_What the exercise asks_. Exactly those lines that run from the one containing "then obtain q" through the last line of the entries below should be printed, and no others.

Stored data
———
text \<open>If a finite abelian group is not generated by an element \<open>x\<close> of maximal order, then some
  element of prime exponent lies outside \<open>\<langle>x\<rangle>\<close>: take \<open>y \<notin> \<langle>x\<rangle>\<close> of minimal order and a
  prime \<open>q\<close> dividing \<open>ord y\<close>; then \<open>y\<^sup>q = x\<^sup>q\<^sup>k\<close>, and \<open>y x\<^sup>-\<^sup>k\<close> is such an element.\<close>

lemma obtain_prime_exponent_outside_generate:
  assumes fin: "finite (carrier G)" and A: "subgroup A G"
    and ab: "\<And>u v. u \<in> A \<Longrightarrow> v \<in> A \<Longrightarrow> u \<otimes> v = v \<otimes> u"
    and x: "x \<in> A" and ord_dvd: "\<And>z. z \<in> A \<Longrightarrow> ord z dvd ord x" and "\<not> A \<subseteq> generate G {x}"
  obtains w and q :: nat where "w \<in> A" "Factorial_Ring.prime q" "w [^] q = \<one>" "w \<notin> generate G {x}"
proof -
  have xc: "x \<in> carrier G" using subgroup.mem_carrier[OF A x] .
  have X: "w \<in> generate G {x} \<longleftrightarrow> (\<exists>k::nat. w = x [^] k)" for w
    using mem_generate_singleton_iff[OF fin xc] .
  define S where "S = A - generate G {x}"
  have "finite S" "S \<noteq> {}"
    unfolding S_def using \<open>\<not> A \<subseteq> _\<close> fin subgroup.subset[OF A] finite_subset by auto
  then have "Min (ord ` S) \<in> ord ` S" by simp
  then obtain y where yS: "y \<in> S" and "ord y = Min (ord ` S)" by (metis imageE)
  with \<open>finite S\<close> have y_min: "ord y \<le> ord z" if "z \<in> S" for z using that by simp
  have yA: "y \<in> A" and y_notin: "y \<notin> generate G {x}" using yS unfolding S_def by auto
  have yc: "y \<in> carrier G" using subgroup.mem_carrier[OF A yA] .
  have "y \<noteq> \<one>" using y_notin generate.one by auto
  then have "ord y \<noteq> 1" using ord_eq_1[OF yc] by simp
  then obtain q where q: "Factorial_Ring.prime q" "q dvd ord y" using prime_factor_nat by blast
  have "ord (y [^] q) < ord y"
    using ord_pow[OF yc q(2)] prime_gt_1_nat[OF q(1)] ord_ge_1[OF fin yc] by simp
  then have "y [^] q \<in> generate G {x}"
    using y_min subgroup_nat_pow_closed[OF A yA] unfolding S_def by fastforce
  then obtain k :: nat where k: "y [^] q = x [^] k" using X by blast
  have "q dvd ord x" using q(2) ord_dvd[OF yA] by (rule dvd_trans)
  then obtain m where m: "ord x = q * m" by (auto elim: dvdE)
  have "x [^] (k * m) = (y [^] q) [^] m" using k xc by (simp add: nat_pow_pow)
  also have "\<dots> = y [^] ord x" using m yc by (simp add: nat_pow_pow)
  also have "\<dots> = \<one>" using ord_dvd[OF yA] yc by (simp add: pow_eq_id)
  finally have "q * m dvd k * m" using m xc by (simp add: pow_eq_id)
  moreover have "m > 0" using m ord_ge_1[OF fin xc] by (cases m) auto
  ultimately obtain k' where k': "k = q * k'" by (auto elim: dvdE)
  define w where "w = y \<otimes> inv (x [^] k')"
  have xkA: "x [^] k' \<in> A" using subgroup_nat_pow_closed[OF A x] .
  then have wA: "w \<in> A" unfolding w_def using A yA by (simp add: subgroup.m_closed subgroup.m_inv_closed)
  have "w [^] q = y [^] q \<otimes> inv (x [^] k') [^] q"
    unfolding w_def using pow_mult_distrib ab[OF yA subgroup.m_inv_closed[OF A xkA]] yc xc by simp
  also have "inv (x [^] k') [^] q = inv (x [^] k)"
    using xc k' by (simp add: nat_pow_inv[symmetric] nat_pow_pow mult.commute)
  also have "y [^] q \<otimes> inv (x [^] k) = \<one>" using k xc by simp
  finally have "w [^] q = \<one>" .
  moreover have "w \<notin> generate G {x}"
  proof
    assume "w \<in> generate G {x}"
    then obtain l :: nat where "w = x [^] l" using X by blast
    then have "y = x [^] (l + k')" unfolding w_def using yc xc by (simp add: nat_pow_mult inv_solve_right')
    with y_notin X show False by blast
  qed
  ultimately show thesis using that wA q(1) by blast
qed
———
_Task answer_.
  then obtain q where q: "Factorial_Ring.prime q" "q dvd ord y" using prime_factor_nat by blast
  have "ord (y [^] q) < ord y"
    using ord_pow[OF yc q(2)] prime_gt_1_nat[OF q(1)] ord_ge_1[OF fin yc] by simp
  then have "y [^] q \<in> generate G {x}"
    using y_min subgroup_nat_pow_closed[OF A yA] unfolding S_def by fastforce
  then obtain k :: nat where k: "y [^] q = x [^] k" using X by blast
  have "q dvd ord x" using q(2) ord_dvd[OF yA] by (rule dvd_trans)
  then obtain m where m: "ord x = q * m" by (auto elim: dvdE)
  have "x [^] (k * m) = (y [^] q) [^] m" using k xc by (simp add: nat_pow_pow)
  also have "\<dots> = y [^] ord x" using m yc by (simp add: nat_pow_pow)
  also have "\<dots> = \<one>" using ord_dvd[OF yA] yc by (simp add: pow_eq_id)
  finally have "q * m dvd k * m" using m xc by (simp add: pow_eq_id)
  moreover have "m > 0" using m ord_ge_1[OF fin xc] by (cases m) auto
  ultimately obtain k' where k': "k = q * k'" by (auto elim: dvdE)
  define w where "w = y \<otimes> inv (x [^] k')"
  have xkA: "x [^] k' \<in> A" using subgroup_nat_pow_closed[OF A x] .
  then have wA: "w \<in> A" unfolding w_def using A yA by (simp add: subgroup.m_closed subgroup.m_inv_closed)
  have "w [^] q = y [^] q \<otimes> inv (x [^] k') [^] q"
    unfolding w_def using pow_mult_distrib ab[OF yA subgroup.m_inv_closed[OF A xkA]] yc xc by simp
  also have "inv (x [^] k') [^] q = inv (x [^] k)"
    using xc k' by (simp add: nat_pow_inv[symmetric] nat_pow_pow mult.commute)
  also have "y [^] q \<otimes> inv (x [^] k) = \<one>" using k xc by simp
  finally have "w [^] q = \<one>" .
  moreover have "w \<notin> generate G {x}"
  proof
    assume "w \<in> generate G {x}"
    then obtain l :: nat where "w = x [^] l" using X by blast
    then have "y = x [^] (l + k')" unfolding w_def using yc xc by (simp add: nat_pow_mult inv_solve_right')
    with y_notin X show False by blast
  qed
  ultimately show thesis using that wA q(1) by blast
qed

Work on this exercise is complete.